"what you are missing is that linux has for years not actually allocated all that extra ram for a fork, instead it has marked the ram as being shared, but copy-on-write (COW)"
I don't believe I've said anything to contradict this.
On systems with a MMU, fork copies the page tables and not the pages themselves such that the new processes share physical ram until they are written to.
" so that if the memory is not written to, it is never duplicated."
Whether you've realized it or not, the problem of over-committed memory remains present.

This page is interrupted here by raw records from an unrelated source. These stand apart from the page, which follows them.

(* Let $k$ be a field of characteristic $0$, $m\ge 2$, and let $F_1,\dots,F_m\in k[X_1,\dots,X_m]$ be such that the determinant of the Jacobian matrix $\left(\partial F_i/\partial X_j\right)_{1\le i,j\le m}$ is a nonzero element of $k$. Then the system $$F_i(\mathcal{U}_1(t),\dots,\mathcal{U}_m(t))=tX_i+(1-t)F_i(X_1,\dots,X_m)\quad (1\le i\le m),$$ with initial conditions $\mathcal{U}_i(0)=X_i$ for $1\le i\le m$, has a unique solution $\mathcal{U}_1(t),\dots,\mathcal{U}_m(t)\in k[X_1,\dots,X_m][[t]]$, with $\mathcal{U}_i(t)=X_i+\sum_{j\ge1}u_{i,j}(X_1,\dots,X_m)t^j$ where $u_{i,j}\in k[X_1,\dots,X_m]$.
   Context: $k[X_1,\dots,X_m][[t]]$ denotes the ring of formal power series in $t$ with coefficients in $k[X_1,\dots,X_m]$; evaluation at $t=0$ means taking the constant term. *)

theory Defs
  imports "HOL-Analysis.Analysis" "HOL-Library.Poly_Mapping"
    "HOL-Computational_Algebra.Formal_Power_Series"
begin

text \<open>Multivariate polynomials k[X_i : i in 'n] are represented as finitely supported
  maps from monomials (exponent vectors 'n =>0 nat) to coefficients; multiplication is
  the convolution product of HOL-Library.Poly_Mapping.\<close>

type_synonym ('n, 'a) mpoly = "('n \<Rightarrow>\<^sub>0 nat) \<Rightarrow>\<^sub>0 'a"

At the time the kernel receives the "fork()" syscall from a large process (imagine 1.5GB working set) which uses more ram than is available to the child, it has to choose between two bad choices:
1. Either deny the request up front due to low memory constraints.
2. over-commit memory in a gamble that neither the parent nor the child will change too many pages.

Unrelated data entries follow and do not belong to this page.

lemma psi_subset_lift: "T \<subseteq> lift m n R \<Longrightarrow> psi m n T \<subseteq> lift m n R"
proof -
  assume "T \<subseteq> lift m n R"
  then have "shadow m n T \<subseteq> shadow m n (lift m n R)"
    by (auto simp: shadow_def)
  also have "\<dots> \<subseteq> R" by (rule shadow_lift_subset)
  finally show ?thesis unfolding psi_def by (rule lift_mono)
qed

lemma closed_set_empty: "m \<le> n \<Longrightarrow> closed_set m n {}"
  by (simp add: closed_set_def psi_def shadow_def lift_empty)

lemma thin_ideal_empty: "{} \<in> thin_ideal n"
  by (auto simp: thin_ideal_def thin_def thick_def ksub_def kset_def)

lemma near_closed_empty: "m \<le> n \<Longrightarrow> near_closed m n {}"
  using closed_set_empty thin_ideal_empty by (force simp: near_closed_def)

lemma not_homogeneous_in_thin_ideal:
  assumes "m \<le> n"
  shows "kset n - (lift m n R \<union> lift m n (kset m - R)) \<in> thin_ideal n"
proof -
  obtain N where N: "\<And>s. finite s \<Longrightarrow> N \<le> card s \<Longrightarrow>
      \<exists>H\<in>nsets s n. nsets H m \<subseteq> R \<or> nsets H m \<inter> R = {}"
    using finite_ramsey_two_colours[of n m R] by blast
  have "\<exists>H\<in>ksub s n. H \<in> lift m n R \<union> lift m n (kset m - R)" if "s \<in> kset (max N n)" for s
  proof -
    from that N obtain H where "H \<in> nsets s n" "nsets H m \<subseteq> R \<or> nsets H m \<inter> R = {}"
      by (force simp: kset_def)
    then show ?thesis
      using ksub_subset_kset[of H m] ksub_subset_kset[of s n]
      by (auto simp: ksub_eq_nsets lift_def)
  qed
  then show ?thesis
    unfolding thin_ideal_def thin_def thick_def by (force intro: exI[of _ "max N n"])
qed

lemma thick_lift_imp_thick:
  assumes mn: "m \<le> n" and thick: "thick n (lift m n R)"
  shows "thick m R"
  unfolding thick_def
proof (intro allI impI)
  fix j assume "j \<ge> m"
  obtain s' where s': "s' \<in> kset (max j n)" "ksub s' n \<subseteq> lift m n R"
    using thick unfolding thick_def by (meson max.cobounded2)
  then have "j \<le> card s'" by (simp add: kset_def)
  then obtain s where s: "s \<subseteq> s'" "card s = j" "finite s"
    by (rule obtain_subset_with_card_n)
  have "ksub s m \<subseteq> R"
  proof
    fix x assume x: "x \<in> ksub s m"
    then obtain y where y: "x \<subseteq> y" "y \<subseteq> s'" "card y = n"
      using exists_subset_between[of x n s'] s s' mn by (auto simp: ksub_def kset_def)
    then have "y \<in> lift m n R"
      using s' by (auto simp: ksub_def kset_def intro: finite_subset)
    moreover have "x \<in> ksub y m" using x y by (auto simp: ksub_def)
    ultimately show "x \<in> R" by (auto simp: lift_def)
  qed
  with s show "\<exists>s\<in>kset j. ksub s m \<subseteq> R" by (auto simp: kset_def)
qed

definition proj_filter :: "nat \<Rightarrow> nat \<Rightarrow> nat set set set \<Rightarrow> nat set set set" where
  "proj_filter n m p = {R. R \<subseteq> kset m \<and> lift m n R \<in> p}"

locale thin_avoiding_ultrafilter =
  fixes n :: nat and p :: "nat set set set"
  assumes ultrafilter: "ultrafilter_on (kset n) p"
    and thin_compl_mem: "A \<in> thin_ideal n \<Longrightarrow> kset n - A \<in> p"
begin

lemma thick_if_mem: "A \<in> p \<Longrightarrow> thick n A"
  using thin_compl_mem[of A] ultrafilter_on_disjoint[OF ultrafilter, of A "kset n - A"]
    ultrafilter_on_subset[OF ultrafilter]
  by (auto simp: thin_ideal_def thin_def)

lemma lift_or_lift_compl_mem:
  assumes "m \<le> n"
  shows "lift m n R \<in> p \<or> lift m n (kset m - R) \<in> p"
proof (rule ccontr)
  let ?L = "lift m n R" and ?L' = "lift m n (kset m - R)"
  assume "\<not> ?thesis"
  then have "kset n - ?L \<in> p" "kset n - ?L' \<in> p"
    using ultrafilter_on_Diff[OF ultrafilter lift_subset_kset] by blast+
  moreover have "kset n - (kset n - (?L \<union> ?L')) \<in> p"
    by (rule thin_compl_mem[OF not_homogeneous_in_thin_ideal[OF assms]])
  ultimately have "(kset n - ?L) \<inter> (kset n - ?L') \<inter> (kset n - (kset n - (?L \<union> ?L'))) \<in> p"
    by (intro ultrafilter_on_Int[OF ultrafilter])
  moreover have "(kset n - ?L) \<inter> (kset n - ?L') \<inter> (kset n - (kset n - (?L \<union> ?L'))) = {}"
    by blast
  ultimately show False
    using ultrafilter_on_not_empty[OF ultrafilter] by simp
qed

lemma ultrafilter_on_proj_filter:
  assumes mn: "m \<le> n"
  shows "ultrafilter_on (kset m) (proj_filter n m p)"
  unfolding ultrafilter_on_def
proof (intro conjI allI impI ballI)
  show "kset m \<in> proj_filter n m p"
    by (simp add: proj_filter_def lift_kset ultrafilter_on_top[OF ultrafilter])
  show "{} \<notin> proj_filter n m p"
    by (simp add: proj_filter_def lift_empty[OF mn] ultrafilter_on_not_empty[OF ultrafilter])
  fix A B
  show "A \<in> proj_filter n m p \<Longrightarrow> A \<subseteq> kset m"
    by (simp add: proj_filter_def)
  show "B \<in> proj_filter n m p" if "A \<in> proj_filter n m p \<and> A \<subseteq> B \<and> B \<subseteq> kset m"
    using that ultrafilter_on_mono[OF ultrafilter _ lift_mono lift_subset_kset]
    by (auto simp: proj_filter_def)
  show "A \<inter> B \<in> proj_filter n m p" if "A \<in> proj_filter n m p \<and> B \<in> proj_filter n m p"
    using that ultrafilter_on_Int[OF ultrafilter] by (auto simp: proj_filter_def lift_Int)
  show "A \<in> proj_filter n m p \<or> kset m - A \<in> proj_filter n m p" if "A \<subseteq> kset m"
    using that lift_or_lift_compl_mem[OF mn, of A] by (auto simp: proj_filter_def)
qed

lemma proj_eq_proj_filter:
  assumes mn: "m \<le> n"
  shows "proj n m p = proj_filter n m p"
  unfolding proj_def
proof (rule the_equality)
  have "thick m R" if "R \<in> proj_filter n m p" for R
    using that thick_lift_imp_thick[OF mn] thick_if_mem by (auto simp: proj_filter_def)
  then show "thick_ultrafilter m (proj_filter n m p) \<and>
      (\<forall>R\<in>proj_filter n m p. {a \<in> kset n. ksub a m \<subseteq> R} \<in> p)"
    using ultrafilter_on_proj_filter[OF mn]
    by (auto simp: thick_ultrafilter_def proj_filter_def lift_def)
next
  fix q' assume q': "thick_ultrafilter m q' \<and> (\<forall>R\<in>q'. {a \<in> kset n. ksub a m \<subseteq> R} \<in> p)"
  then have "ultrafilter_on (kset m) q'" "q' \<subseteq> proj_filter n m p"
    using ultrafilter_on_subset
    by (auto simp: thick_ultrafilter_def proj_filter_def lift_def)
  then show "q' = proj_filter n m p"
    using ultrafilter_on_eqI ultrafilter_on_proj_filter[OF mn] by blast
qed

end

lemma intertwines_thin_avoiding:
  assumes "ultrafilter_on (kset n) p" "ultrafilter_on (kset n) q" "intertwines m n p q S"
  shows "thin_avoiding_ultrafilter n p" "thin_avoiding_ultrafilter n q"
  using assms by (simp_all add: thin_avoiding_ultrafilter_def intertwines_def)

lemma intertwines_mem_left:
  assumes "m \<le> n" "intertwines m n p q S"
  shows "S \<in> p"
proof -
  have "{} \<subseteq> kset n" "near_closed m n {}" "{} - S \<in> thin_ideal n"
    using near_closed_empty[OF assms(1)] thin_ideal_empty by simp_all
  then have "S - {} \<in> p"
    using assms(2) unfolding intertwines_def by blast
  then show ?thesis by simp
qed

Both answers are seriously flawed. I gave two examples of applications which demonstrate either the inefficiency of fork(), or the risky over commit behavior.
Most administrators will agree that the "OOM Killer" has no place in stable production environments. The only way to guaranty well behaved processes are not killed is for the kernel to guaranty resources by not over-committing them. This spells trouble for interfaces like fork(), which depend on over-committed memory to work efficiently.

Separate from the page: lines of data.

(* Let $T\subseteq 2^{<\omega}$ be a tree of positive measure $p$ and let $q<1$ be a positive rational. Then there exist a tree $S\subseteq 2^{<\omega}$ of measure at least $q$ and a Turing functional $\Phi$ such that $\Phi(A)$ is an infinite path through $T$ for every infinite path $A$ through $S$.
   Context: The measure of a tree $T\subseteq 2^{<\omega}$ is the Lebesgue (uniform, fair-coin) measure of the set of its infinite paths in $2^\omega$. *)

theory Defs
  imports "HOL-Probability.Probability" "HOL-Library.Sublist" "HOL-Library.Nat_Bijection"
begin

definition init_seg :: "(nat \<Rightarrow> bool) \<Rightarrow> nat \<Rightarrow> bool list" where
  "init_seg A n = map A [0..<n]"

definition prefix_of :: "bool list \<Rightarrow> (nat \<Rightarrow> bool) \<Rightarrow> bool" where
  "prefix_of \<sigma> A \<longleftrightarrow> \<sigma> = init_seg A (length \<sigma>)"

definition is_tree :: "bool list set \<Rightarrow> bool" where
  "is_tree T \<longleftrightarrow> (\<forall>\<sigma> \<tau>. \<sigma> \<in> T \<and> prefix \<tau> \<sigma> \<longrightarrow> \<tau> \<in> T)"

definition paths :: "bool list set \<Rightarrow> (nat \<Rightarrow> bool) set" where
  "paths T = {A. \<forall>n. init_seg A n \<in> T}"

definition coin_space :: "(nat \<Rightarrow> bool) measure" where
  "coin_space = PiM (UNIV :: nat set) (\<lambda>_. measure_pmf (bernoulli_pmf (1/2)))"

definition tree_measure :: "bool list set \<Rightarrow> real" where
  "tree_measure T = measure coin_space (paths T)"

datatype recf = Z | Sc | Proj nat | Comp recf "recf list" | Prim recf recf | Mn recf

inductive eval :: "recf \<Rightarrow> nat list \<Rightarrow> nat \<Rightarrow> bool" where
  eval_Z: "eval Z xs 0"
| eval_Sc: "eval Sc (x # xs) (Suc x)"
| eval_Proj: "i < length xs \<Longrightarrow> eval (Proj i) xs (xs ! i)"
| eval_Comp: "list_all2 (\<lambda>f y. eval f xs y) fs ys \<Longrightarrow> eval g ys z \<Longrightarrow> eval (Comp g fs) xs z"
| eval_Prim0: "eval f xs y \<Longrightarrow> eval (Prim f g) (0 # xs) y"
| eval_PrimS: "eval (Prim f g) (n # xs) y \<Longrightarrow> eval g (y # n # xs) z \<Longrightarrow> eval (Prim f g) (Suc n # xs) z"
| eval_Mn: "eval f (n # xs) 0 \<Longrightarrow> (\<forall>m<n. \<exists>k. eval f (m # xs) (Suc k)) \<Longrightarrow> eval (Mn f) xs n"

Without over-committed memory, a large process would find itself unable to issue fork/exec calls to spawn a small process.
If the parent is a tiny daemon who's only purpose is to spawn children, this isn't such a big deal. However, it is a disappointment that the fork syscall is either very risky, or a resource hog when called from large parents.
Even if fork had no other problems, this is an excellent reason to seek alternatives.